• **EXERCISE PROMPT**:
The required result is the number of lines in this material containing the word "rule". Write that number and no other text.

• **DATA IN THIS EXERCISE**:
Segment Open

lemma circ_arc_eq_sphere:
  assumes "cmod xi = 1" "1 \<le> L"
  shows "circ_arc xi L = sphere 0 1"
proof
  show "sphere 0 1 \<subseteq> circ_arc xi L"
  proof
    fix zeta :: complex
    assume "zeta \<in> sphere 0 1"
    then have "cmod zeta = 1" by simp
    moreover have "cmod (zeta - xi) \<le> 2 * L"
      using norm_triangle_ineq4[of zeta xi] assms \<open>cmod zeta = 1\<close> by simp
    ultimately show "zeta \<in> circ_arc xi L"
      by (rule in_circ_arc_if_chord_le[OF assms(1)])
  qed
qed (rule circ_arc_subset_sphere[OF assms(1)])

lemma exists_dyadic_scale:
  fixes s d :: real
  assumes "0 < s" "d \<le> 2 ^ N * s"
  obtains k where "k \<le> N" "d \<le> 2 ^ k * s" "2 ^ k * s \<le> max s (2 * d)"
proof -
  define k where "k = (LEAST k. d \<le> 2 ^ k * s)"
  have "k \<le> N" "d \<le> 2 ^ k * s"
    using assms(2) unfolding k_def by (auto intro: Least_le LeastI)
  moreover have "2 ^ k * s \<le> max s (2 * d)"
  proof (cases k)
    case (Suc j)
    then have "\<not> d \<le> 2 ^ j * s"
      unfolding k_def by (metis lessI not_less_Least)
    then show ?thesis using Suc by simp
  qed simp
  ultimately show ?thesis by (rule that)
qed

lemma norm_radial_point:
  assumes "cmod xi = 1" "l \<le> 1"
  shows "cmod (of_real (1 - l) * xi) = 1 - l"
  using assms by (simp only: norm_mult norm_of_real) simp

lemma norm_diff_radial_ge:
  assumes "cmod xi = 1" "cmod zeta = 1" "0 \<le> l" "l \<le> 1"
  shows "l \<le> cmod (zeta - of_real (1 - l) * xi)"
    and "cmod (zeta - xi) \<le> 2 * cmod (zeta - of_real (1 - l) * xi)"
proof -
  note radial = norm_radial_point[OF assms(1,4)]
  show l_le: "l \<le> cmod (zeta - of_real (1 - l) * xi)"
    using norm_triangle_ineq2[of zeta "of_real (1 - l) * xi"] radial assms(2) by simp
  have "of_real (1 - l) * xi - xi = - (of_real l * xi)"
    by (simp add: algebra_simps)
  then have "cmod (of_real (1 - l) * xi - xi) = l"
    using assms by (simp add: norm_mult)
  then show "cmod (zeta - xi) \<le> 2 * cmod (zeta - of_real (1 - l) * xi)"
    using norm_triangle_ineq[of "zeta - of_real (1 - l) * xi" "of_real (1 - l) * xi - xi"] l_le
    by simp
qed

lemma poisson_kernel_le_scale:
  assumes xi: "cmod xi = 1" and l: "0 < l" "l \<le> 1"
    and scale: "2 ^ k * l \<le> 2 * cmod (zeta - of_real (1 - l) * xi)"
  shows "(1 - (cmod (of_real (1 - l) * xi))^2) / (cmod (zeta - of_real (1 - l) * xi))^2
     \<le> 8 / l * (1/4)^k"
proof -
  define \<rho> where "\<rho> = cmod (zeta - of_real (1 - l) * xi)"
  have "(2 ^ k * l)^2 \<le> (2 * \<rho>)^2"
    using scale l by (intro power_mono) (auto simp: \<rho>_def)
  moreover have "(4::real) ^ k = 2 ^ k * 2 ^ k"
    by (simp flip: power_mult_distrib)
  ultimately have scale_sq: "4 ^ k * l^2 \<le> 4 * \<rho>^2"
    by (simp add: power2_eq_square mult_ac)
  have "(1 - (cmod (of_real (1 - l) * xi))^2) / \<rho>^2 = (2 * l - l^2) / \<rho>^2"
    unfolding norm_radial_point[OF xi l(2)] by (simp add: power2_eq_square algebra_simps)
  also have "\<dots> \<le> 2 * l / (4 ^ k * l^2 / 4)"
    by (rule frac_le) (use l scale_sq in auto)
  also have "\<dots> = 8 / l * (1/4)^k"
    using l by (simp add: field_simps power_one_over power2_eq_square)
  finally show ?thesis
    unfolding \<rho>_def .
qed

lemma poisson_kernel_le_dyadic_sum:
  assumes xi: "cmod xi = 1" and zeta: "cmod zeta = 1" and l: "0 < l" "l \<le> 1"
    and N: "1 \<le> 2 ^ N * l"
  shows "(1 - (cmod (of_real (1 - l) * xi))^2) / (cmod (zeta - of_real (1 - l) * xi))^2
     \<le> 8 / l * (\<Sum>k\<le>N. (1/4)^k * indicator (circ_arc xi (2 ^ k * l)) zeta)"
proof -
  define \<rho> where "\<rho> = cmod (zeta - of_real (1 - l) * xi)"
  define d where "d = cmod (zeta - xi)"
  have \<rho>: "l \<le> \<rho>" "d \<le> 2 * \<rho>"
    using norm_diff_radial_ge[OF xi zeta] l by (auto simp: \<rho>_def d_def)
  have "d \<le> 2 ^ N * (2 * l)"
    using norm_triangle_ineq4[of zeta xi] xi zeta N by (simp add: d_def)
  then obtain k where k: "k \<le> N" "d \<le> 2 ^ k * (2 * l)" "2 ^ k * (2 * l) \<le> max (2 * l) (2 * d)"
    by (rule exists_dyadic_scale[of "2 * l" d N, rotated]) (use l in auto)
  have "2 * (2 ^ k * l) \<le> max (2 * l) (2 * d)"
    using k(3) by (simp add: mult.left_commute)
  moreover have "max (2 * l) (2 * d) \<le> 4 * \<rho>"
    using \<rho> l by simp
  ultimately have "2 ^ k * l \<le> 2 * \<rho>"
    by linarith
  then have "(1 - (cmod (of_real (1 - l) * xi))^2) / \<rho>^2 \<le> 8 / l * (1/4)^k"
    unfolding \<rho>_def by (rule poisson_kernel_le_scale[OF xi l])
  moreover have "zeta \<in> circ_arc xi (2 ^ k * l)"
    using in_circ_arc_if_chord_le[OF xi zeta] k(2) by (simp add: d_def mult_ac)
  ultimately have "(1 - (cmod (of_real (1 - l) * xi))^2) / \<rho>^2
      \<le> 8 / l * ((1/4)^k * indicator (circ_arc xi (2 ^ k * l)) zeta)"
    by simp
  also have "\<dots> \<le> 8 / l * (\<Sum>j\<le>N. (1/4)^j * indicator (circ_arc xi (2 ^ j * l)) zeta)"
    using l k(1) by (intro mult_left_mono member_le_sum) auto
  finally show ?thesis
    unfolding \<rho>_def .
qed

lemma poisson_int_le_dyadic_sum:
  assumes sets: "sets \<sigma> = sets (restrict_space borel (sphere 0 1))" and fin: "finite_measure \<sigma>"
    and xi: "cmod xi = 1" and l: "0 < l" "l \<le> 1" and N: "1 \<le> 2 ^ N * l"
  shows "poisson_int \<sigma> (of_real (1 - l) * xi)
     \<le> 8 / l * (\<Sum>k\<le>N. (1/4)^k * measure \<sigma> (circ_arc xi (2 ^ k * l)))"
proof -
  have space: "space \<sigma> = sphere 0 1"
    using sets_eq_imp_space_eq[OF sets] by (simp add: space_restrict_space)
  have arc_sets: "circ_arc xi L \<in> sets \<sigma>" for L
    using circ_arc_subset_sphere[OF xi] closed_circ_arc
    by (simp add: sets sets_restrict_space_iff borel_closed)
  have "emeasure \<sigma> (circ_arc xi L) < \<infinity>" for L
    using finite_measure.emeasure_finite[OF fin] by (simp add: less_top)
  then have integrable_term:
    "integrable \<sigma> (\<lambda>zeta. (1/4)^k * indicator (circ_arc xi (2 ^ k * l)) zeta :: real)" for k
    using arc_sets by (intro integrable_mult_right integrable_real_indicator) auto
  have "poisson_int \<sigma> (of_real (1 - l) * xi)
      \<le> (\<integral>zeta. 8 / l * (\<Sum>k\<le>N. (1/4)^k * indicator (circ_arc xi (2 ^ k * l)) zeta) \<partial>\<sigma>)"
    unfolding poisson_int_def
  proof (rule integral_mono')
    show "integrable \<sigma> (\<lambda>zeta. 8 / l * (\<Sum>k\<le>N. (1/4)^k * indicator (circ_arc xi (2 ^ k * l)) zeta))"
      by (intro integrable_mult_right Bochner_Integration.integrable_sum integrable_term)
  next
    fix zeta assume "zeta \<in> space \<sigma>"
    then have "cmod zeta = 1"
      by (simp add: space)
    then show "(1 - (cmod (of_real (1 - l) * xi))^2) / (cmod (zeta - of_real (1 - l) * xi))^2
        \<le> 8 / l * (\<Sum>k\<le>N. (1/4)^k * indicator (circ_arc xi (2 ^ k * l)) zeta)"
      by (rule poisson_kernel_le_dyadic_sum[OF xi _ l N])
    show "0 \<le> 8 / l * (\<Sum>k\<le>N. (1/4)^k * indicator (circ_arc xi (2 ^ k * l)) zeta :: real)"
      using l by (intro mult_nonneg_nonneg sum_nonneg) auto
  qed
  also have "\<dots> = 8 / l * (\<Sum>k\<le>N. (1/4)^k * measure \<sigma> (circ_arc xi (2 ^ k * l) \<inter> space \<sigma>))"
    by (simp only: integral_mult_right_zero Bochner_Integration.integral_sum[OF integrable_term]
        Bochner_Integration.integral_indicator)
  also have "\<dots> = 8 / l * (\<Sum>k\<le>N. (1/4)^k * measure \<sigma> (circ_arc xi (2 ^ k * l)))"
    using circ_arc_subset_sphere[OF xi] by (simp add: space Int_absorb2)
  finally show ?thesis .
qed

lemma doubling_pow_le:
  fixes m :: "real \<Rightarrow> real"
  assumes doubling: "\<And>L. 0 < L \<Longrightarrow> m (2 * L) \<le> C * m L" and "0 \<le> C" "0 < l"
  shows "m (2 ^ k * l) \<le> C ^ k * m l"
proof (induction k)
  case (Suc k)
  have "m (2 ^ Suc k * l) = m (2 * (2 ^ k * l))"
    by (simp add: mult.assoc)
  also have "\<dots> \<le> C * m (2 ^ k * l)"
    using assms(3) by (intro doubling) simp
  also have "\<dots> \<le> C * (C ^ k * m l)"
    using Suc \<open>0 \<le> C\<close> by (rule mult_left_mono)
  finally show ?case by simp
qed simp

Segment Closed

• **EXERCISE RESULT**:
9